Exercise – From the entries below, gather every line containing the string "noteq".

Top of Record excerpts

(* For all real $x>0$, $$\big[\tilde\psi(x)\big]^2=\int_0^\infty dy\,y\,e^{-2xy}\int_0^1du\,\Big\{-1+2\Big(\coth y-\frac1y\Big)\Big(\coth yu-\frac{1}{yu}\Big)-\frac{2}{y(1-u)}\Big[u\Big(\coth yu-\frac1{yu}\Big)-\Big(\coth y-\frac1y\Big)\Big]\Big\}.$$
   Context: $\psi=\Gamma'/\Gamma$ is the digamma function and $\tilde\psi(x):=\psi(x)-\ln x+\frac{1}{2x}$ for $x>0$; it satisfies $\tilde\psi(x)=-\int_0^\infty ds\,e^{-2xs}\big(\coth s-\frac1s\big)$. *)

theory Defs
  imports "HOL-Analysis.Analysis"
begin

definition coth :: "real \<Rightarrow> real" where
  "coth y = cosh y / sinh y"

definition psi_tilde :: "real \<Rightarrow> real" where
  "psi_tilde x = Digamma x - ln x + 1 / (2 * x)"

end

theory Submission
  imports Defs
begin

(* Write L s = coth s - 1 / s for the Langevin function, 0 <= L <= 1 on (0, oo), and
   F p = int_0^oo exp (- p s) L s ds.  Since coth s (1 - exp (- 2 s)) = 1 + exp (- 2 s), the
   difference F p - F (p + 2) splits into two elementary Laplace integrals and a Frullani
   integral; for p = 2 x it equals psi_tilde (x + 1) - psi_tilde x.  As psi_tilde (x + n) and
   F (2 x + 2 n) both tend to 0, this gives Binet's formula psi_tilde x = - F (2 x).

   Squaring F and substituting s = y u, t = y (1 - u) in the double integral gives
   F p ^ 2 = int_0^oo y exp (- p y) int_0^1 L (y u) L (y (1 - u)) du dy.  Finally, the addition
   law coth (a + b) (coth a + coth b) = 1 + coth a coth b turns L (y u) L (y (1 - u)) into
   - 1 + K y u + K y (1 - u), where - 1 + 2 K y u is the inner integrand of the theorem, and the
   reflection u -> 1 - u identifies the two inner integrals. *)

lemma sinh_ge_self: "0 \<le> (s::real) \<Longrightarrow> s \<le> sinh s"
  using real_le_x_sinh[of s] by (simp add: sinh_field_def exp_minus)

lemma sinh_le_mult_cosh: "0 \<le> (s::real) \<Longrightarrow> sinh s \<le> s * cosh s"
  using DERIV_nonneg_imp_nondecreasing[of 0 s "\<lambda>t. t * cosh t - sinh t"]
  by (force intro!: derivative_eq_intros)

lemma coth_add:
  fixes a b :: real
  assumes "a \<noteq> 0" "b \<noteq> 0" "a + b \<noteq> 0"
  shows "coth (a + b) * (coth a + coth b) = 1 + coth a * coth b"
proof -
  have "coth a + coth b = sinh (a + b) / (sinh a * sinh b)"
    using assms unfolding coth_def sinh_add by (simp add: field_simps)
  hence "coth (a + b) * (coth a + coth b) = cosh (a + b) / (sinh a * sinh b)"
    using assms unfolding coth_def by simp
  also have "\<dots> = 1 + coth a * coth b"
    using assms unfolding coth_def cosh_add by (simp add: field_simps)
  finally show ?thesis .
qed

lemma coth_mult_one_minus_exp:
  fixes s :: real
  assumes "s \<noteq> 0"
  shows "coth s * (1 - exp (- 2 * s)) = 1 + exp (- 2 * s)"
proof -
  have "exp (- 2 * s) = exp (- s) * exp (- s)" by (simp flip: exp_add)
  moreover have "exp s * exp (- s) = 1" by (simp flip: exp_add)
  ultimately show ?thesis
    using assms by (simp add: coth_def cosh_field_def sinh_field_def field_simps)
qed

definition langevin :: "real \<Rightarrow> real" where
  "langevin s = coth s - 1 / s"

lemma langevin_nonneg: "0 < s \<Longrightarrow> 0 \<le> langevin s"
  using sinh_le_mult_cosh[of s] by (simp add: langevin_def coth_def field_simps)

lemma langevin_le_one:
  assumes "0 < s" shows "langevin s \<le> 1"
proof -
  have "s * (cosh s - sinh s) \<le> s"
    using assms by (simp add: cosh_minus_sinh mult_left_le_one_le)
  also have "\<dots> \<le> sinh s" using sinh_ge_self[of s] assms by simp
  finally have "s * (cosh s - sinh s) \<le> sinh s" .
  thus ?thesis using assms by (simp add: langevin_def coth_def field_simps)
qed

lemma has_real_derivative_langevin:
  "0 < s \<Longrightarrow> (langevin has_real_derivative (1 / s\<^sup>2 - 1 / (sinh s)\<^sup>2)) (at s)"
  unfolding langevin_def [abs_def] coth_def
  by (rule derivative_eq_intros refl | simp)+
     (simp add: field_simps power2_eq_square cosh_square_eq[unfolded power2_eq_square])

Bottom of Record excerpts

Exercise response –
  assumes "a \<noteq> 0" "b \<noteq> 0" "a + b \<noteq> 0"
  assumes "s \<noteq> 0"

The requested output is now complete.